昼下がりの村は、いつも通り穏やかな空気に包まれていた。守も畑仕事を終え、村の広場で子供たちと遊んでいた。
「お兄ちゃん、今日は何して遊ぶ?」
「うーん、昨日の冒険者ごっこは楽しかったけど、今日は……」
守が考えていると、遠くから急いで走ってくる一人の村人の姿が見えた。
「大変だ!村の外れに魔物が現れたぞ!」
その声に、広場にいた人々がざわめき始める。
「魔物だって!?こんな近くにか?」
「子供たちを家に避難させろ!」
慌てて動き出す村人たち。守も驚きながら、周囲の様子を見ていた。
「魔物……?」
そこへガルドとレナが駆けつけてきた。
「おい、守!聞いたか、魔物が村の外れに出たらしい!」
「ええ……でも、どうするんですか?」
「決まってるだろ、俺たち冒険者が片付ける。それが仕事だ。」
ガルドは自信満々に言いながら腰の剣を抜いた。
「でも、ここからすぐ近くなんですよね?村の人たち、大丈夫なんですか?」
守の不安そうな声に、レナが優しく答える。
「だからこそ、私たちがすぐに行くの。心配しないで、守はここで村人を守ってて。」
「俺が……村人を?」
レナの言葉に、守は思わず自分の手を見つめた。
そんな時、遠くから再び叫び声が響く。
「逃げろー!魔物がこっちに来るぞ!」
村の外れで見張りをしていた村人が走り込んできた。そしてその後ろから現れたのは――巨大な狼のような魔物だった。
「なんだ、あれ……でっかい!」
守は思わず声を上げた。その魔物は全身が黒い毛で覆われ、赤く光る目が特徴的だった。
「……シャドウウルフだな。小型の魔物にしては厄介な相手だ。」
ガルドが剣を構え、前に出る。
「おいレナ、村人たちを下がらせろ!」
「わかった!」
レナは村人たちに声をかけながら避難を誘導する。その間、シャドウウルフがガルドに向かって低い唸り声を上げていた。
「おい、坊主!」
ガルドが守に声をかける。
「俺がこいつを引きつける。
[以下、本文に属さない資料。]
text \<open>With \<open>u = \<surd>(x + 1)\<close> we have \<open>\<surd>r \<le> \<surd>n / u\<close>, and \<open>u\<^sup>2 \<le> \<surd>n\<close> gives \<open>u\<^sup>3 - 2 u \<le> 4 \<surd>n (u - 1)\<close>.\<close>

lemma budget_step_small_quotient:
  fixes x r n :: real
  assumes "x \<ge> 1" "r \<ge> 1" "(x + 1) * r \<le> n" "(x + 1)^2 \<le> n"
  shows "x - 1 + 4 * sqrt r \<le> 4 * sqrt n"
proof -
  define u where "u = sqrt (x + 1)"
  have u: "u \<ge> 1" "u^2 = x + 1" unfolding u_def using assms(1) by simp_all
  have "sqrt r * u \<le> sqrt n"
    unfolding u_def using real_sqrt_le_mono[OF assms(3)] by (simp add: real_sqrt_mult mult.commute)
  have "u^2 \<le> sqrt n"
    using real_sqrt_le_mono[OF assms(4)] assms(1) u(2) by simp
  have "u^3 - 2 * u \<le> 4 * u^2 * (u - 1)"
  proof -
    have "0 \<le> u * (3 * (u - 2/3)^2 + 2/3)" using u(1) by simp
    then show ?thesis by (simp add: power3_eq_cube power2_eq_square algebra_simps)
  qed
  also have "\<dots> \<le> 4 * sqrt n * (u - 1)"
    using \<open>u^2 \<le> sqrt n\<close> u(1) by (intro mult_right_mono) auto
  finally have "u * (4 * sqrt r) \<le> u * (4 * sqrt n - u^2 + 2)"
    using \<open>sqrt r * u \<le> sqrt n\<close> by (simp add: algebra_simps power3_eq_cube power2_eq_square)
  then have "4 * sqrt r \<le> 4 * sqrt n - u^2 + 2" using u(1) by simp
  then show ?thesis using u(2) by simp
qed

lemma budget_step_large_quotient:
  fixes x r n :: real
  assumes "x \<ge> 1" "r \<ge> 1" "(x + 1) * r \<le> n" "n < (x + 1)^2"
  shows "r - 1 + 4 * sqrt r \<le> 4 * sqrt n"
proof -
  have "(x + 1) * r < (x + 1) * (x + 1)" using assms(3,4) by (simp add: power2_eq_square)
  then have "r < x + 1" using assms(1) by simp
  then have "r * r < (x + 1) * r" using assms(2) by simp
  then have "r^2 < n" using assms(3) by (simp add: power2_eq_square)
  then have "sqrt (r^2) < sqrt n" by (rule real_sqrt_less_mono)
  then have "r < sqrt n" using assms(2) by simp
  moreover have "r - 1 + 4 * sqrt r \<le> 4 * r"
  proof -
    have "1 \<le> sqrt r" using assms(2) by simp
    then have "0 \<le> (3 * sqrt r - 1) * (sqrt r - 1)"
      using mult_nonneg_nonneg[of "3 * sqrt r - 1" "sqrt r - 1"] by linarith
    also have "\<dots> = 3 * r - 4 * sqrt r + 1" using assms(2) by (simp add: algebra_simps)
    finally show ?thesis by simp
  qed
  ultimately show ?thesis by linarith
qed

text \<open>The quantity \<open>min B n + 4 \<surd>n\<close> absorbs the loss \<open>x - 1\<close> of one double Euclidean step with
  quotient \<open>x\<close> that descends from \<open>n\<close> to \<open>r\<close>.\<close>

lemma budget_step:
  fixes x r n B :: real
  assumes "x \<ge> 1" "r \<ge> 1" "(x + 1) * r \<le> n" "x \<le> B"
  shows "x - 1 + (min B r + 4 * sqrt r) \<le> min B n + 4 * sqrt n"
proof (cases "(x + 1)^2 \<le> n")
  case True
  have "r \<le> n" using assms(1-3) by (smt (verit) mult_le_cancel_right1)
  then have "min B r \<le> min B n" by simp
  with budget_step_small_quotient[OF assms(1-3) True] show ?thesis by linarith
next
  case False
  have "x \<le> n" using assms(1-3) by (smt (verit) mult_le_cancel_left1)
  with assms(4) have "x \<le> min B n" by simp
  with budget_step_large_quotient[OF assms(1-3)] False show ?thesis by (smt (verit) min.cobounded2)
qed
(* Let $k_+,k_-,t$ be integers with $0\leq k_-\leq k_+$, $k_++k_-\geq 1$ and $t>0$, and let $M\triangleq[-k_-,k_+]^*$. For every real $0<\epsilon<1/t$ there is a number $\lambda$, depending only on $t$ and $\epsilon$ (and not on $N$), such that for every sufficiently large integer $N$ with $\gcd(N,k_+!)=1$, setting $G\triangleq\mathbb{Z}_N$, there exists a subset $S=\{s_1,s_2,\dots, s_n\}\subseteq G$ with $\frac{1}{2}N^{1/t-\epsilon}\leq n \leq \frac{3}{2}N^{1/t-\epsilon}$ such that $G \overset{\lambda}{\geq} M \diamond_t S$.
   Context: $[a,b]^*=\{a,a+1,\dots,b\}\setminus\{0\}$. For a finite Abelian group $G$, a finite set $M\subseteq\mathbb{Z}\setminus\{0\}$ and $S=\{s_1,\dots,s_n\}\subseteq G$, we write $G \overset{\lambda}{\geq} M\diamond_t S$ if every element $g\in G$ can be written in at most $\lambda$ ways as a linear combination of at most $t$ elements of $S$ with coefficients from $M\cup\{0\}$, i.e., the number of vectors $\mathbf{e}\in(M\cup\{0\})^n$ with Hamming weight at most $t$ and $\sum_i e_is_i=g$ is at most $\lambda$. *)

theory Defs
  imports Complex_Main
begin

definition punct_interval :: "int \<Rightarrow> int \<Rightarrow> int set" where
  "punct_interval a b = {a..b} - {0}"

text \<open>The group Z_N is represented by the residues {0,...,N-1} (as integers) with
  arithmetic mod N.\<close>
definition reps :: "nat \<Rightarrow> int set \<Rightarrow> nat \<Rightarrow> int set \<Rightarrow> int \<Rightarrow> (int \<Rightarrow> int) set" where
  "reps N M t S g =
     {e. (\<forall>s. s \<notin> S \<longrightarrow> e s = 0) \<and> (\<forall>s\<in>S. e s \<in> M \<union> {0})
         \<and> card {s\<in>S. e s \<noteq> 0} \<le> t
         \<and> (\<Sum>s\<in>S. e s * s) mod int N = g mod int N}"

definition lambda_packing :: "nat \<Rightarrow> nat \<Rightarrow> int set \<Rightarrow> nat \<Rightarrow> int set \<Rightarrow> bool" where
  "lambda_packing N lam M t S \<longleftrightarrow> (\<forall>g\<in>{0..<int N}. card (reps N M t S g) \<le> lam)"

end

theory Submission
  imports Defs "HOL-Library.FuncSet"
begin

text \<open>Take for \<open>S\<close> a random \<open>n\<close>-subset of \<open>\<int>\<^sub>N\<close> with \<open>n \<approx> N\<^bsup>1/t - \<epsilon>\<^esup>\<close> and work with
  representations of weight at most \<open>t\<close> over \<open>V = M \<union> {0}\<close>. Call a list of representations of
  one residue \<open>g\<close> a chain if each of them has a support point outside the supports of the
  older ones, and call two distinct representations of the same residue with the same support
  a collision. If \<open>S\<close> contains the joint support of no chain of length \<open>L\<close> and the support of
  no collision, then for every \<open>g\<close> a maximal chain inside \<open>S\<close> covers at most \<open>t (L - 1)\<close>
  points, every representation of \<open>g\<close> inside \<open>S\<close> is supported there, and distinct
  representations have distinct supports: at most \<open>2\<^bsup>t (L - 1)\<^esup>\<close> representations.

  Removing one support point at a time, whose position is then fixed up to \<open>O(K)\<close> choices by a
  linear congruence with a nonzero coefficient of size at most \<open>K\<close> (for any modulus), bounds the
  expected number of bad configurations inside \<open>S\<close> by \<open>O(N (n\<^sup>t / N)\<^sup>L + n\<^sup>t / N)\<close>, which is
  \<open>O(N\<^bsup>-t \<epsilon>\<^esup>)\<close> as soon as \<open>t \<epsilon> L \<ge> 1 + t \<epsilon>\<close>; so a good \<open>S\<close> exists for large \<open>N\<close>.\<close>

section \<open>Short linear combinations\<close>

definition supp :: "(int \<Rightarrow> int) \<Rightarrow> int set" where
  "supp e = {s. e s \<noteq> 0}"
(* Let $X$ be a $d$-uniform $\{\lambda_i\}$-two-sided local-spectral expander with all $\lambda_i>0$. Then for every $k<d$, the degree of the $k$-skeleton of $X$ satisfies \[\deg^{(k)}(X)\ge\frac{1}{(k-1)!}\prod_{i=1}^{k-1}\frac{1}{\lambda_i}.\]
   Context: $X$ is a $d$-uniform simplicial complex ($X(j)$ its faces of size $j$) with a full-support distribution on $X(d)$; links $X_t=\{s\setminus t:t\subseteq s\in X\}$ carry the induced distribution, and the graph underlying $X_t$ has vertices $X_t(1)$ and weighted edges $X_t(2)$. A weighted graph is a $\lambda$-two-sided expander if all nontrivial eigenvalues of its normalized adjacency operator lie in $[-\lambda,\lambda]$. $X$ is a $\{\lambda_i\}$-two-sided local-spectral expander if for every $i\le d-2$ and every $t\in X(i)$ the graph underlying $X_t$ is a $\lambda_i$-two-sided expander. The $k$-th degree is $\deg^{(k)}(X)=\max_{v\in X(1)}|\{s\in X(k):v\in s\}|$. *)

theory Defs
  imports "HOL-Analysis.Analysis" "Jordan_Normal_Form.Char_Poly"
begin

definition faces :: "'a set set \<Rightarrow> nat \<Rightarrow> 'a set set" where
  "faces X j = {s \<in> X. card s = j}"

definition simplicial_complex :: "'a set set \<Rightarrow> bool" where
  "simplicial_complex X \<longleftrightarrow> finite X \<and> (\<forall>s\<in>X. finite s) \<and>
     (\<forall>s\<in>X. \<forall>t. t \<subseteq> s \<longrightarrow> t \<in> X)"

definition d_uniform :: "'a set set \<Rightarrow> nat \<Rightarrow> bool" where
  "d_uniform X d \<longleftrightarrow> simplicial_complex X \<and> faces X d \<noteq> {} \<and>
     (\<forall>s\<in>X. \<exists>f\<in>faces X d. s \<subseteq> f)"

definition full_support_distribution :: "'a set set \<Rightarrow> nat \<Rightarrow> ('a set \<Rightarrow> real) \<Rightarrow> bool" where
  "full_support_distribution X d w \<longleftrightarrow>
     (\<forall>s\<in>faces X d. w s > 0) \<and> (\<Sum>s\<in>faces X d. w s) = 1"

definition link :: "'a set set \<Rightarrow> 'a set \<Rightarrow> 'a set set" where
  "link X t = {s - t | s. s \<in> X \<and> t \<subseteq> s}"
その間に村の子供たちを守れ!」
「えっ!?俺が?」
「お前だよ!剣術のスキルがあるんだろ?少しは戦えるだろう!」
「そ、そりゃスキルはあるけど……こんな魔物相手なんて無理だよ!」
守は必死で拒否しようとするが、ガルドはニヤリと笑った。
「おいおい、昨日あんなにいい動きしてたじゃねぇか。それが使えりゃ十分だ。」
「いや、昨日は練習だったからできたんで……」
守の言葉を聞かず、ガルドはシャドウウルフに向かって走り出した。
「こっちだ、化け物!」
ガルドが挑発すると、シャドウウルフは彼に向かって飛びかかる。
「うおっ、結構速いな!」
ガルドは素早くかわし、剣で反撃する。だがシャドウウルフの動きは鋭く、簡単には仕留められない。
「ちょっと!本当に俺どうすればいいんだよ……!」
守は焦りながらも、木剣を握りしめた。その時、近くで怯えている子供たちの声が耳に入る。
「お兄ちゃん……怖いよ……」
守はその声にハッとした。
「……そうだ。俺がここで逃げたら、この子たちはどうなるんだ……!」
手の震えを抑え、守は木剣を構えた。
「やるしかない……!」
その時、ガルドの声が響く。
「おい坊主!ウルフの動きが速すぎて捕まえられねぇ!お前、こいつの注意を引け!」
「えぇ!?そんな無茶振りを……!」
守は叫びながらも、シャドウウルフに向かって駆け出した。
「おい、こっちだー!」
木剣を振り回し、大声を出す守。それに反応してシャドウウルフがこちらに向きを変える。
「やばっ、こっち来た……!」
シャドウウルフが飛びかかってくる寸前、守はなんとか横に飛び退いてかわす。
「やった……避けた……!」
だが、喜ぶ間もなく、頭の中にアナウンスが響いた。
「剣術実戦スキルがレベル2になりました」
「またスキルが……!」
その瞬間、守の体が自然と動き、シャドウウルフの動きを予測して剣を振るう。
「当たれっ!」
木剣がシャドウウルフの肩に命中し、魔物が後退する。
「やった!当たった!」
「よし!坊主、その調子だ!」
ガルドが再び攻撃を仕掛け、シャドウウルフにとどめを刺す。
シャドウウルフが倒れ込むと、村人たちから歓声が上がった。
「やった!魔物が倒れたぞ!」
「冒険者さん、ありがとう!」
守もその場に座り込み、大きく息をついた。
「ふぅ……生きてる……」
ガルドが近づいてきて、守の肩を叩く。
「よくやったな、坊主。お前、やっぱりただの迷い人じゃねぇな。」
「いやいや、俺はただ……必死だっただけで……」
守は苦笑いを浮かべながらも、少しだけ自信を感じていた。
「このスキル……やっぱり役に立つんだ。」
こうして、守は初めての戦いを乗り越え、村の人々の信頼を少しずつ得ていくのだった――。